(* Let $q\in\mathbb{C}\setminus\{0\}$ be not a root of unity, let $\lambda,\mu$ be strict partitions with $|\lambda|=|\mu|=n$, let $\Lambda\in\mathcal S_\lambda$, $\Gamma\in\mathcal S_\mu$, and let $\nu_1,\nu_2\in\{-1,1\}^n$. If $\big((q_k^\Lambda)^{\nu_1(k)}\big)_{k=1}^n=\big((q_k^\Gamma)^{\nu_2(k)}\big)_{k=1}^n$, then $\Lambda=\Gamma$. In particular $P(\lambda)\cap P(\mu)=\emptyset$ if $\lambda\neq\mu$.
   Context: $[m]_{q^2}=(q^{2m}-q^{-2m})/(q^2-q^{-2})$; for each integer $m\ge0$ a square root $s_m$ of $[m+1]_{q^2}[m]_{q^2}$ is fixed once and for all and $x_m=[m+1]_{q^2}-[m]_{q^2}-(q-q^{-1})s_m$. For a strict partition $\lambda$ (distinct positive parts), the shifted diagram has boxes $(i,j)$ with $i\le j\le i+\lambda_i-1$; $\mathcal S_\lambda$ is the set of standard shifted tableaux (fillings by $1,\dots,|\lambda|$ increasing along rows and columns). For $\Lambda\in\mathcal S_\lambda$ and $k$, let $(i_k,j_k)$ be the box containing $k$ and $q_k^\Lambda=x_{j_k-i_k}$. $P(\lambda)$ denotes the set of weights of the Jones–Nazarov $G_n$-module $V_\lambda$ with respect to its commuting Jucys–Murphy elements; concretely $P(\lambda)=\{((q_k^\Lambda)^{\nu(k)})_{k=1}^n:\Lambda\in\mathcal S_\lambda,\ \nu\in\{\pm1\}^n\}$. *)

theory Defs
  imports Complex_Main
begin

definition qint :: "complex \<Rightarrow> nat \<Rightarrow> complex" where
  "qint q m = (q ^ (2*m) - inverse q ^ (2*m)) / (q ^ 2 - inverse q ^ 2)"

definition sqrt_choice :: "complex \<Rightarrow> (nat \<Rightarrow> complex) \<Rightarrow> bool" where
  "sqrt_choice q s \<longleftrightarrow> (\<forall>m. (s m) ^ 2 = qint q (m+1) * qint q m)"

definition xval :: "complex \<Rightarrow> (nat \<Rightarrow> complex) \<Rightarrow> nat \<Rightarrow> complex" where
  "xval q s m = qint q (m+1) - qint q m - (q - inverse q) * s m"

definition strict_partition :: "nat list \<Rightarrow> bool" where
  "strict_partition la \<longleftrightarrow> sorted_wrt (>) la \<and> (\<forall>x\<in>set la. 0 < x)"

text \<open>Shifted diagram, rows and columns 1-indexed: (i,j) with i \<le> j \<le> i + la_i - 1.\<close>
definition shifted_diagram :: "nat list \<Rightarrow> (nat \<times> nat) set" where
  "shifted_diagram la = {(i,j). 1 \<le> i \<and> i \<le> length la \<and> i \<le> j \<and> j + 1 \<le> i + la ! (i - 1)}"

definition std_shifted_tableaux :: "nat list \<Rightarrow> (nat \<times> nat \<Rightarrow> nat) set" where
  "std_shifted_tableaux la = {T.
     bij_betw T (shifted_diagram la) {1..sum_list la} \<and>
     (\<forall>b. b \<notin> shifted_diagram la \<longrightarrow> T b = 0) \<and>
     (\<forall>i j. (i,j) \<in> shifted_diagram la \<and> (i,j+1) \<in> shifted_diagram la \<longrightarrow> T (i,j) < T (i,j+1)) \<and>
     (\<forall>i j. (i,j) \<in> shifted_diagram la \<and> (i+1,j) \<in> shifted_diagram la \<longrightarrow> T (i,j) < T (i+1,j))}"
text \<open>The constant is chosen so that 1/2 \<sigma>_i(0+)^2 correction_i corrector''(0) = \<theta> - f_i(0+);
  then L (approx a) has the same limit \<theta> + lam u(v) at the vertex along every edge.\<close>

definition correction :: "nat \<Rightarrow> real" where
  "correction i = (\<theta> - edge_lim f i) / (edge_lim \<sigma> i)\<^sup>2"

definition approx :: "real \<Rightarrow> nat \<times> real \<Rightarrow> real" where
  "approx a p = u p * cutoff (snd p / a) + correction (fst p) * (corrector (a * snd p) / a\<^sup>2)"

definition approx_d1 :: "real \<Rightarrow> nat \<Rightarrow> real \<Rightarrow> real" where
  "approx_d1 a i x = d1 (edge u i) x * cutoff (x / a) + edge u i x * (cutoff' (x / a) / a)
    + correction i * (corrector' (a * x) / a)"

definition approx_d2 :: "real \<Rightarrow> nat \<Rightarrow> real \<Rightarrow> real" where
  "approx_d2 a i x = d2 (edge u i) x * cutoff (x / a) + 2 * d1 (edge u i) x * (cutoff' (x / a) / a)
    + edge u i x * (cutoff'' (x / a) / a\<^sup>2) + correction i * corrector'' (a * x)"

definition remainder :: "real \<Rightarrow> nat \<Rightarrow> real \<Rightarrow> real" where
  "remainder a i x = (\<sigma> (i, x))\<^sup>2 * d1 (edge u i) x * (cutoff' (x / a) / a)
    + 1 / 2 * (\<sigma> (i, x))\<^sup>2 * edge u i x * (cutoff'' (x / a) / a\<^sup>2)
    + b (i, x) * edge u i x * (cutoff' (x / a) / a)
    + 1 / 2 * (\<sigma> (i, x))\<^sup>2 * correction i * corrector'' (a * x)
    + b (i, x) * correction i * (corrector' (a * x) / a)"

definition L_approx :: "real \<Rightarrow> nat \<Rightarrow> real \<Rightarrow> real" where
  "L_approx a i x = (f (i, x) + lam * edge u i x) * cutoff (x / a) + remainder a i x"

lemma u_C2_half: "i < N \<Longrightarrow> C2_half (edge u i)"
  using u unfolding C2bG_def C2G_def by blast

lemma edge_approx:
  "edge (approx a) i = (\<lambda>x. edge u i x * cutoff (x / a) + correction i * (corrector (a * x) / a\<^sup>2))"
  by (auto simp: edge_def approx_def vtx_def)

lemma approx_vtx: "approx a vtx = u vtx"
  by (simp add: approx_def vtx_def)

lemma approx_has_derivatives:
  assumes i: "i < N" and a: "0 < a" and x: "0 \<le> x"
  shows "(edge (approx a) i has_real_derivative approx_d1 a i x) (at x within {0..})"
    and "(approx_d1 a i has_real_derivative approx_d2 a i x) (at x within {0..})"
proof -
  note u' = C2_halfD(4,5)[OF u_C2_half[OF i] x]
  show "(edge (approx a) i has_real_derivative approx_d1 a i x) (at x within {0..})"
    unfolding edge_approx approx_d1_def using a
    by (auto intro!: derivative_eq_intros u'(1) simp: field_simps power2_eq_square)
  show "(approx_d1 a i has_real_derivative approx_d2 a i x) (at x within {0..})"
    unfolding approx_d1_def[abs_def] approx_d2_def using a
    by (auto intro!: derivative_eq_intros u' simp: field_simps power2_eq_square)
qed

lemma approx_C2_half:
  assumes i: "i < N" and a: "0 < a"
  shows "C2_half (edge (approx a) i)"
  unfolding C2_half_def
proof (intro exI conjI allI impI)
  note u' = C2_halfD(1-3)[OF u_C2_half[OF i]]
  show "continuous_on {0..} (edge (approx a) i)"
    unfolding edge_approx using a by (intro continuous_intros u') auto
  show "continuous_on {0..} (approx_d1 a i)"
    unfolding approx_d1_def[abs_def] using a by (intro continuous_intros u') auto
  show "continuous_on {0..} (approx_d2 a i)"
    unfolding approx_d2_def[abs_def] using a by (intro continuous_intros u') auto
  show "(edge (approx a) i has_real_derivative approx_d1 a i x) (at x within {0..})"
    and "(approx_d1 a i has_real_derivative approx_d2 a i x) (at x within {0..})" if "0 \<le> x" for x
    using approx_has_derivatives[OF i a that] by blast+
qed

lemma d1_approx: "i < N \<Longrightarrow> 0 < a \<Longrightarrow> 0 \<le> x \<Longrightarrow> d1 (edge (approx a) i) x = approx_d1 a i x"
  by (rule d1_eqI[OF approx_has_derivatives(1)])

lemma d2_approx: "i < N \<Longrightarrow> 0 < a \<Longrightarrow> 0 \<le> x \<Longrightarrow> d2 (edge (approx a) i) x = approx_d2 a i x"
  by (rule d2_eqI[OF approx_has_derivatives])

lemma u_equation_on_edge:
  assumes i: "i < N" and x: "0 < x"
  shows "1 / 2 * (\<sigma> (i, x))\<^sup>2 * d2 (edge u i) x + b (i, x) * d1 (edge u i) x = f (i, x) + lam * edge u i x"
proof -
  have p: "(i, x) \<in> Gamma N" "(i, x) \<noteq> vtx"
    using i x by (auto simp: Gamma_def vtx_def)
  then show ?thesis
    using equation[OF p] x by (simp add: Lop_def Ledge_def)
qed

lemma Ledge_approx:
  assumes i: "i < N" and a: "0 < a" and x: "0 < x"
  shows "Ledge \<sigma> b (approx a) i x = L_approx a i x"
proof -
  have "Ledge \<sigma> b (approx a) i x = 1 / 2 * (\<sigma> (i, x))\<^sup>2 * approx_d2 a i x + b (i, x) * approx_d1 a i x"
    unfolding Ledge_def using d1_approx[OF i a] d2_approx[OF i a] x by simp
  also have "\<dots> = (1 / 2 * (\<sigma> (i, x))\<^sup>2 * d2 (edge u i) x + b (i, x) * d1 (edge u i) x) * cutoff (x / a)
      + remainder a i x"
    unfolding approx_d1_def approx_d2_def remainder_def by (simp add: algebra_simps)
  finally show ?thesis
    unfolding L_approx_def u_equation_on_edge[OF i x] .
qed

lemma edge_lim_\<sigma>_nonzero: "i < N \<Longrightarrow> edge_lim \<sigma> i \<noteq> 0"
proof -
  assume i: "i < N"
  have "eventually (\<lambda>x. \<sigma>0 \<le> \<sigma> (i, x)) (at_right 0)"
    using \<sigma>_gt[OF i] by (auto simp: eventually_at_right_field intro!: exI[of _ 1] less_imp_le)
  then have "\<sigma>0 \<le> edge_lim \<sigma> i"
    using tendsto_lowerbound[OF PC_tendsto_edge_lim[OF \<sigma>_PC i]] by simp
  then show ?thesis
    using \<sigma>0 by simp
qed
inductive_cases red_VarE: "Var x \<rightarrow>\<^sub>R N"
inductive_cases red_LamE: "Lam M \<rightarrow>\<^sub>R N"
inductive_cases red_AppE: "App M P \<rightarrow>\<^sub>R N"
inductive_cases red_SelE: "Sel M l \<rightarrow>\<^sub>R N"
inductive_cases red_RecE: "Rec f \<rightarrow>\<^sub>R N"
inductive_cases red_MergeE: "Merge M g \<rightarrow>\<^sub>R N"

lemma subject_reduction: "\<Gamma> \<turnstile> M : \<sigma> \<Longrightarrow> M \<rightarrow>\<^sub>R N \<Longrightarrow> \<Gamma> \<turnstile> N : \<sigma>"
proof (induction arbitrary: N rule: has_type.induct)
  case (lam s \<Gamma> M t)
  from lam.prems show ?case
    by (rule red_LamE) (use lam in \<open>auto intro: has_type.lam\<close>)
next
  case (app \<Gamma> M s t P)
  from app.prems show ?case
  proof (rule red_AppE)
    fix Q
    assume "M = Lam Q" "N = subst Q 0 P"
    then show ?thesis
      using app.hyps has_type_Lam_Arr_inv has_type_beta by blast
  qed (use app in \<open>auto intro: has_type.app\<close>)
next
  case (rec_field f k Mk \<Gamma> s)
  from rec_field.prems obtain l M M' where
    "N = Rec (f(l \<mapsto> M'))" "f l = Some M" "M \<rightarrow>\<^sub>R M'"
    by (auto elim: red_RecE)
  with rec_field show ?case
    by (cases "l = k") (auto intro: has_type.rec_field)
next
  case (sel \<Gamma> M l s)
  from sel.prems show ?case
  proof (rule red_SelE)
    fix f
    assume "M = Rec f" "f l = Some N"
    then have "fields_typed \<Gamma> {} f (RField l s)"
      using sel.hyps has_type_Rec_fields_typed by blast
    with \<open>f l = Some N\<close> show ?thesis by auto
  qed (use sel.IH in \<open>auto intro: has_type.sel\<close>)
next
  case (merge \<Gamma> M r1 g r2)
  from merge.prems show ?case
  proof (rule red_MergeE)
    fix f
    assume "M = Rec f" "N = Rec (f ++ g)"
    then show ?thesis using merge.hyps has_type_Rec_map_add by auto
  next
    fix l P P'
    assume N: "N = Merge M (g(l \<mapsto> P'))" and "g l = Some P" "P \<rightarrow>\<^sub>R P'"
    then have typed: "\<Gamma> \<turnstile> Rec (g(l \<mapsto> P')) : r2"
      using merge.IH(2) by (auto intro: red.recC)
    have "dom (g(l \<mapsto> P')) = tlbl r2"
      using \<open>g l = Some P\<close> merge.hyps(5) by auto
    with merge.hyps(1,2) typed merge.hyps(4) show ?thesis
      unfolding N by (rule has_type.merge)
  qed (use merge in \<open>auto intro: has_type.merge\<close>)
qed (auto elim: red_VarE red_RecE intro: has_type.intros)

------------------------------------------------------------

- Activity: The required output is the entries from their opening line through the line holding "(nat \<times> nat)", repeated exactly, with both end lines kept.

- Response to the exercise:
(* Let $q\in\mathbb{C}\setminus\{0\}$ be not a root of unity, let $\lambda,\mu$ be strict partitions with $|\lambda|=|\mu|=n$, let $\Lambda\in\mathcal S_\lambda$, $\Gamma\in\mathcal S_\mu$, and let $\nu_1,\nu_2\in\{-1,1\}^n$. If $\big((q_k^\Lambda)^{\nu_1(k)}\big)_{k=1}^n=\big((q_k^\Gamma)^{\nu_2(k)}\big)_{k=1}^n$, then $\Lambda=\Gamma$. In particular $P(\lambda)\cap P(\mu)=\emptyset$ if $\lambda\neq\mu$.
   Context: $[m]_{q^2}=(q^{2m}-q^{-2m})/(q^2-q^{-2})$; for each integer $m\ge0$ a square root $s_m$ of $[m+1]_{q^2}[m]_{q^2}$ is fixed once and for all and $x_m=[m+1]_{q^2}-[m]_{q^2}-(q-q^{-1})s_m$. For a strict partition $\lambda$ (distinct positive parts), the shifted diagram has boxes $(i,j)$ with $i\le j\le i+\lambda_i-1$; $\mathcal S_\lambda$ is the set of standard shifted tableaux (fillings by $1,\dots,|\lambda|$ increasing along rows and columns). For $\Lambda\in\mathcal S_\lambda$ and $k$, let $(i_k,j_k)$ be the box containing $k$ and $q_k^\Lambda=x_{j_k-i_k}$. $P(\lambda)$ denotes the set of weights of the Jones–Nazarov $G_n$-module $V_\lambda$ with respect to its commuting Jucys–Murphy elements; concretely $P(\lambda)=\{((q_k^\Lambda)^{\nu(k)})_{k=1}^n:\Lambda\in\mathcal S_\lambda,\ \nu\in\{\pm1\}^n\}$. *)

theory Defs
  imports Complex_Main
begin

definition qint :: "complex \<Rightarrow> nat \<Rightarrow> complex" where
  "qint q m = (q ^ (2*m) - inverse q ^ (2*m)) / (q ^ 2 - inverse q ^ 2)"

definition sqrt_choice :: "complex \<Rightarrow> (nat \<Rightarrow> complex) \<Rightarrow> bool" where
  "sqrt_choice q s \<longleftrightarrow> (\<forall>m. (s m) ^ 2 = qint q (m+1) * qint q m)"

definition xval :: "complex \<Rightarrow> (nat \<Rightarrow> complex) \<Rightarrow> nat \<Rightarrow> complex" where
  "xval q s m = qint q (m+1) - qint q m - (q - inverse q) * s m"

definition strict_partition :: "nat list \<Rightarrow> bool" where
  "strict_partition la \<longleftrightarrow> sorted_wrt (>) la \<and> (\<forall>x\<in>set la. 0 < x)"

text \<open>Shifted diagram, rows and columns 1-indexed: (i,j) with i \<le> j \<le> i + la_i - 1.\<close>
definition shifted_diagram :: "nat list \<Rightarrow> (nat \<times> nat) set" where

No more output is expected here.